ACCORDO PNV PSOE, L’AUTONOMISMO FUNZIONALE
Il serpentone estivo delle misure per fronteggiare la crisi, che ha portato avanti il Governo Zapatero, seguendo le ricette degli organismi internazionali,, ha avuto una sponda determinante da parte del PNV. La cosa può sembrare contraddittoria, quando nella CAV, dopo 30 anni, il governo è a guida socialista grazie a un patto di stato con il PP, ed alla esclusione della sinistra indipendentista, a scapito proprio del PNV. Ma la posta in gioco non è una mera alternanza politica. Ci sono direttive dei poteri economici che non possono essere disattese. E sia le direzioni del PSOE come quelle del PNV hanno orecchie sensibili a questi richiami. Per questo il patto firmato ieri tra il Governo Zapatero e il PNV sul passaggio entro 2011 di 20 competenze ancora mancanti dello statuto di autonomia della CAV, ha il sapore del patto strategico.

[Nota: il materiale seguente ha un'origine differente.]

(* Let $k$ be a positive integer and let $G$ be a $2k$-connected $(P_2\cup kP_1)$-free graph. Let $u,v$ be distinct vertices of $G$, let $P$ be a longest $(u,v)$-path in $G$, oriented from $u$ to $v$, and suppose $V(P)\neq V(G)$. Let $x\in V(G)\setminus V(P)$ and write $N_P(x)=\{x_1,\dots,x_t\}$ in the order of appearance on $P$ from $u$ to $v$. For $i\in\{1,\dots,t-1\}$ let $S_i$ be the set of vertices of $P$ strictly between $x_i$ and $x_{i+1}$. Then for every $i\in\{1,\dots,t-1\}$ and every odd integer $j$ with $1\le j\le |S_i|$, the vertex $x_i^{+j}$ has no neighbor in $N_P(x)^+$.
   Context: All graphs are finite and simple. For a graph $H$, a graph $G$ is $H$-free if $G$ contains no induced subgraph isomorphic to $H$; $P_2\cup kP_1$ is the disjoint union of an edge and $k$ isolated vertices. A $(u,v)$-path is a path with endpoints $u$ and $v$. $N_P(y)$ is the set of neighbors of $y$ lying on $P$. For a vertex $w$ of the oriented path $P$, $w^{+}$ is its successor on $P$ and $w^{+\ell}$ denotes the successor of $w^{+(\ell-1)}$. For $S\subseteq V(P)$, $S^+=\{w^+: w\in S\setminus\{v\}\}$. *)

theory Defs
  imports Main
begin

definition simple_graph :: "'a set \<Rightarrow> ('a \<Rightarrow> 'a \<Rightarrow> bool) \<Rightarrow> bool" where
  "simple_graph V E \<longleftrightarrow> finite V \<and> (\<forall>x y. E x y \<longrightarrow> E y x) \<and> (\<forall>x. \<not> E x x)
     \<and> (\<forall>x y. E x y \<longrightarrow> x \<in> V \<and> y \<in> V)"

definition connected_on :: "'a set \<Rightarrow> ('a \<Rightarrow> 'a \<Rightarrow> bool) \<Rightarrow> bool" where
  "connected_on W E \<longleftrightarrow>
     (\<forall>x\<in>W. \<forall>y\<in>W. (\<lambda>a b. a \<in> W \<and> b \<in> W \<and> E a b)\<^sup>*\<^sup>* x y)"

Simbolicamente l’accordo è stato firmato due ore dopo che fossero scaduti i tempi di presentazione degli emendamenti alla finanziaria equivalendo all’appoggio del PNV alla finanziaria e soprattutto a garantire i voti necessari a mantenere in carica il Governo Zapatero. Come patto di stabilità, è stato presentato l’accordo, che non si riduce all’approvazione della finanziaria. Sicuramente una scommessa politica più profonda dalla quale chi ne esce con le ossa rotte sembra essere l’attuale governo della CAV del socialista Patxi Lopez. E’vero che gli esponenti del governo autonomo si sono affrettati a riconoscere i vantaggi politici che otterrà il PNV ma allo stesso tempo assicurarono che “capitalizzeranno le competenze assunte”. Ci sono alcune letture che su l’accordo di ieri possono essere fatte.

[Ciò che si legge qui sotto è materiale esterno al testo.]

text \<open>With u the block vector (B^-1 g)|_S one has g \<bullet> t = <B t, u> and <B u, u> = <B^-1 g, g>,
  so this is Cauchy-Schwarz for <B _, _>.\<close>
lemma inner_le_dual_qform:
  assumes pd: "pos_def_on S B" and inv: "inverse_on S B Bi" and t: "t \<in> blockspace S"
  shows "g \<bullet> t \<le> sqrt (qform Bi S g) * sqrt (qform B S t)"
proof -
  define u where "u = (\<chi> b. if b \<in> S then (\<Sum>c\<in>S. Bi $ b $ c * g $ c) else 0)"
  have Bu: "(\<Sum>b\<in>S. B $ a $ b * u $ b) = g $ a" if a: "a \<in> S" for a
  proof -
    have "(\<Sum>b\<in>S. B $ a $ b * u $ b) = (\<Sum>b\<in>S. \<Sum>c\<in>S. B $ a $ b * Bi $ b $ c * g $ c)"
      by (simp add: u_def sum_distrib_left mult_ac)
    also have "\<dots> = (\<Sum>c\<in>S. (\<Sum>b\<in>S. B $ a $ b * Bi $ b $ c) * g $ c)"
      by (subst sum.swap) (simp add: sum_distrib_right)
    also have "\<dots> = (\<Sum>c\<in>S. if a = c then g $ c else 0)"
      using inv a unfolding inverse_on_def by (intro sum.cong refl) simp
    finally show ?thesis using a by simp
  qed
  have "g \<bullet> t = (\<Sum>a\<in>UNIV. g $ a * t $ a)" by (simp add: inner_vec_def)
  also have "\<dots> = (\<Sum>a\<in>S. g $ a * t $ a)"
    using t by (intro sum.mono_neutral_right) (auto simp: blockspace_def)
  also have "\<dots> = bform B S t u" unfolding bform_def
    by (simp add: Bu[symmetric] sum_distrib_right sum_distrib_left mult_ac)
  finally have gt: "g \<bullet> t = bform B S t u" .
  have "qform B S u = (\<Sum>a\<in>S. u $ a * (\<Sum>b\<in>S. B $ a $ b * u $ b))"
    unfolding qform_def by (simp add: sum_distrib_left mult_ac)
  also have "\<dots> = (\<Sum>a\<in>S. u $ a * g $ a)" by (intro sum.cong refl) (simp add: Bu)
  also have "\<dots> = qform Bi S g" unfolding qform_def u_def
    by (simp add: sum_distrib_right sum_distrib_left mult_ac)
  finally show ?thesis using bform_le_sqrt_qform[OF pd, of t u] gt by (simp add: mult.commute)
qed

lemma qform_ge_norm_power2:
  assumes pd: "pos_def_on S B"
  obtains lam where "lam > 0" "\<And>t. t \<in> blockspace S \<Longrightarrow> lam * (norm t)^2 \<le> qform B S t"
proof -
  define K where "K = blockspace S \<inter> sphere 0 1"
  have cK: "compact K" unfolding K_def
    by (intro closed_Int_compact compact_sphere closed_blockspace)
  obtain lam where lam: "lam > 0" "\<And>k. k \<in> K \<Longrightarrow> lam \<le> qform B S k"
  proof (cases "K = {}")
    case False
    obtain k where "k \<in> K" "\<And>t. t \<in> K \<Longrightarrow> qform B S k \<le> qform B S t"
      using continuous_attains_inf[OF cK False continuous_on_subset[OF continuous_on_qform]] by blast
    moreover have "qform B S k > 0" using pd \<open>k \<in> K\<close> unfolding pos_def_on_def K_def by auto
    ultimately show ?thesis using that by blast
  qed (use that[of 1] in simp)
  have "lam * (norm t)^2 \<le> qform B S t" if t: "t \<in> blockspace S" for t
  proof (cases "t = 0")
    case False
    have "(1 / norm t) *\<^sub>R t \<in> K" using t False by (auto simp: K_def blockspace_def)
    then have "lam \<le> qform B S ((1 / norm t) *\<^sub>R t)" by (rule lam(2))
    also have "\<dots> = qform B S t / (norm t)^2" by (simp add: qform_scaleR power_divide)
    finally show ?thesis using False by (simp add: field_simps)
  qed (simp add: qform_def)
  with lam(1) show ?thesis by (rule that)
qed

section \<open>Existence of the block minimizers\<close>

lemma closed_convex_epigraph_affine_minorant:
  fixes V :: "'a::euclidean_space set" and \<psi> :: "'a \<Rightarrow> ereal"
  assumes s0: "s0 \<in> V" "\<psi> s0 = ereal v0"
    and cvx: "convex {(t, z::real). t \<in> V \<and> \<psi> t \<le> ereal z}"
    and cl: "closed {(t, z::real). t \<in> V \<and> \<psi> t \<le> ereal z}"
    and ninf: "\<forall>s\<in>V. \<psi> s \<noteq> -\<infinity>"
  obtains w c where "\<And>s. s \<in> V \<Longrightarrow> ereal (w \<bullet> s + c) \<le> \<psi> s"
proof -
  define E where "E = {(t, z::real). t \<in> V \<and> \<psi> t \<le> ereal z}"
  have "(s0, v0 - 1) \<notin> E" using s0 by (auto simp: E_def)
  then obtain w \<beta> where w: "inner w (s0, v0 - 1) < \<beta>" "\<forall>x\<in>E. inner w x > \<beta>"
    using separating_hyperplane_closed_point[of E "(s0, v0 - 1)"] cvx cl unfolding E_def by blast
  obtain w1 w2 where ww: "w = (w1, w2)" by (cases w)
  have "(s0, v0) \<in> E" using s0 by (auto simp: E_def)
  then have "w1 \<bullet> s0 + w2 * v0 > \<beta>" "w1 \<bullet> s0 + w2 * (v0 - 1) < \<beta>" using w ww by auto
  then have w2: "w2 > 0" by (simp add: algebra_simps)
  have "ereal ((- (1 / w2)) *\<^sub>R w1 \<bullet> s + \<beta> / w2) \<le> \<psi> s" if s: "s \<in> V" for s
  proof (cases "\<psi> s")
    case (real z)
    then have "(s, z) \<in> E" using s by (auto simp: E_def)
    then have "w1 \<bullet> s + w2 * z > \<beta>" using w ww by auto
    then show ?thesis using real w2 by (simp add: field_simps)
  qed (use ninf s in simp_all)
  then show ?thesis by (rule that)
qed

lemma closed_epigraph_coercive_attains_min:
  fixes g :: "'a::euclidean_space \<Rightarrow> ereal"
  assumes closed: "closed {(t, z::real). t \<in> V \<and> g t \<le> ereal z}"
    and t0: "t0 \<in> V" "g t0 = ereal c"
    and a: "a > 0"
    and lower: "\<And>t. t \<in> V \<Longrightarrow> ereal (a * (norm t)^2 - b * norm t + K) \<le> g t"
  shows "\<exists>t\<in>V. \<forall>s\<in>V. g t \<le> g s"
proof -
  define R where "R = (\<bar>b\<bar> + \<bar>K\<bar> + \<bar>c\<bar> + 1) / a + 1"
  define lo where "lo = K - \<bar>b\<bar> * R"
  have far: "c < g s" if "s \<in> V" "norm s > R" for s
  proof -
    have "a * norm s \<ge> a * ((\<bar>b\<bar> + \<bar>K\<bar> + \<bar>c\<bar> + 1) / a)"
      using that a unfolding R_def by (intro mult_left_mono) auto
    then have "a * norm s - \<bar>b\<bar> \<ge> \<bar>K\<bar> + \<bar>c\<bar> + 1" using a by simp
    moreover have "norm s \<ge> 1" using that a unfolding R_def
      by (smt (verit) divide_nonneg_pos)
    ultimately have "norm s * (a * norm s - \<bar>b\<bar>) \<ge> 1 * (\<bar>K\<bar> + \<bar>c\<bar> + 1)"
      by (intro mult_mono) auto
    moreover have "b * norm s \<le> \<bar>b\<bar> * norm s" by (simp add: mult_right_mono)
    ultimately have "ereal c < ereal (a * (norm s)^2 - b * norm s + K)"
      by (simp add: power2_eq_square algebra_simps)
    also have "\<dots> \<le> g s" using lower[OF that(1)] .
    finally show ?thesis .
  qed
  have near: "lo \<le> a * (norm s)^2 - b * norm s + K" if "norm s \<le> R" for s
  proof -
    have "b * norm s \<le> \<bar>b\<bar> * norm s" by (simp add: mult_right_mono)
    also have "\<dots> \<le> \<bar>b\<bar> * R" using that by (simp add: mult_left_mono)
    moreover have "0 \<le> a * (norm s)^2" using a by simp
    ultimately show ?thesis unfolding lo_def by linarith
  qed
  define E where "E = {(t, z). t \<in> V \<and> g t \<le> ereal z} \<inter> (cball 0 R \<times> {lo..c})"
  have "compact E" unfolding E_def
    by (intro closed_Int_compact closed compact_Times compact_cball compact_Icc)
  moreover have "(t0, c) \<in> E"
  proof -
    have "norm t0 \<le> R" using far[OF t0(1)] t0(2) by force
    moreover have "lo \<le> c" using near[OF \<open>norm t0 \<le> R\<close>] lower[OF t0(1)] t0(2) by simp
    ultimately show ?thesis using t0 by (simp add: E_def)
  qed
  ultimately obtain p where "p \<in> E" and pmin: "\<And>q. q \<in> E \<Longrightarrow> snd p \<le> snd q"
    using continuous_attains_inf[of E snd] continuous_on_snd[OF continuous_on_id] by blast
  then obtain tm zm where tm: "tm \<in> V" "g tm \<le> ereal zm" "zm \<le> c" and p: "p = (tm, zm)"
    by (auto simp: E_def)
  have "g tm \<le> g s" if s: "s \<in> V" for s
  proof (cases "g s < ereal c")
    case False
    have "g tm \<le> ereal zm" by (rule tm(2))
    also have "\<dots> \<le> ereal c" using tm(3) by simp
    also have "\<dots> \<le> g s" using False by simp
    finally show ?thesis .
  next
    case True
    then obtain z where z: "g s = ereal z"
      using lower[OF s] by (cases "g s") auto
    have "norm s \<le> R" using far[OF s] True by force
    then have "(s, z) \<in> E" using near[of s] lower[OF s] True s by (simp add: E_def z)
    then have "zm \<le> z" using pmin p by fastforce
    have "g tm \<le> ereal zm" by (rule tm(2))
    also have "\<dots> \<le> g s" using \<open>zm \<le> z\<close> z by simp
    finally show ?thesis .
  qed
  then show ?thesis using tm by blast
qed

lemma ereal_add_le_ereal_iff: "ereal a + P \<le> ereal z \<longleftrightarrow> P \<le> ereal (z - a)"
  by (cases P) auto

Innanzitutto che queste 20 competenze non significano la “chiusura dello statuto di autonomia” dopo 31 anni dalla sua approvazione come “legge dello stato”, ma “una notevole spinta”, rivendicano gli esponenti del PNV. Da queste competenze mancanti rimango fuori soprattutto quelle inerenti la “materia antiterrorista”, carceri, alcune sul lavoro e cassa unica della previdenza sociale. Insomma passaggio si, ma in mano a Madrid rimangono ancora competenze su argomenti strategici. Il PNV comunque può rivendicare dinnanzi alla platea la sua “centralità” nella politica basca riconosciuta ancora una volta da Madrid, che nonostante le alchimie politiche e legislative, evidenzia come il Governo di Patxi Lopez sia carente di legittimità anche nell’ambito della politica autonomista, e non solo sociale. Una carta da spendere quella del PNV più in ambito spagnolo che basco, anche perché la questione basca non si riduce a una più o meno accentuata decentralizzazione amministrativa. E non solo per la sinistra indipendentista. Tanto che il presidente del PNV, Urkullu, si è affrettato a dire che questo non è “un patto di legislatura” e che lo Statuto di autonomia “ non è la stazione finale del PNV”. Insomma una nuova scommessa del Partito nazionalista basco per stare con un piede in due staffe e preparare il terreno verso un cambio politico che ormai sembra inevitabile.
Per il PSOE questo accordo salva la legislatura e permettere Zapatero di porre le basi per gli impegni assunti a livello internazionale per risanare l’economia spagnola. Risanamento che si basa fondamentalmente una riforma del mercato del lavoro che colpisce duramente i lavoratori, la cui percentuale di disoccupazione è la più alta della zona euro, 20%, lasciando inalterati i profitti delle multinazionali spagnole che anche quest’anno hanno raggiunto picchi record. Del resto nell’accordo con il PNV non c’era solo il passaggio di competenze ma anche il compimento di opere strategiche come il Treno ad Alta Velocità, la cosiddetta “Y Basca”, o il porto esterno di Pasajes macroprogetti urbanisti e viari che stanno incontrando una forte opposizione sociale. Coincidenze nelle visioni strategiche economiche che prefigurano una convergenza politica che contrasti il possibile consolidamento di un blocco politico per la sovranità progressista, con un presumibile consistente appoggio sociale, che ha manifestato a più riprese la sua avversione a questo modello di sviluppo oltre a mettere in pratica la contestazione alle politiche sul lavoro del Governo Zapatero.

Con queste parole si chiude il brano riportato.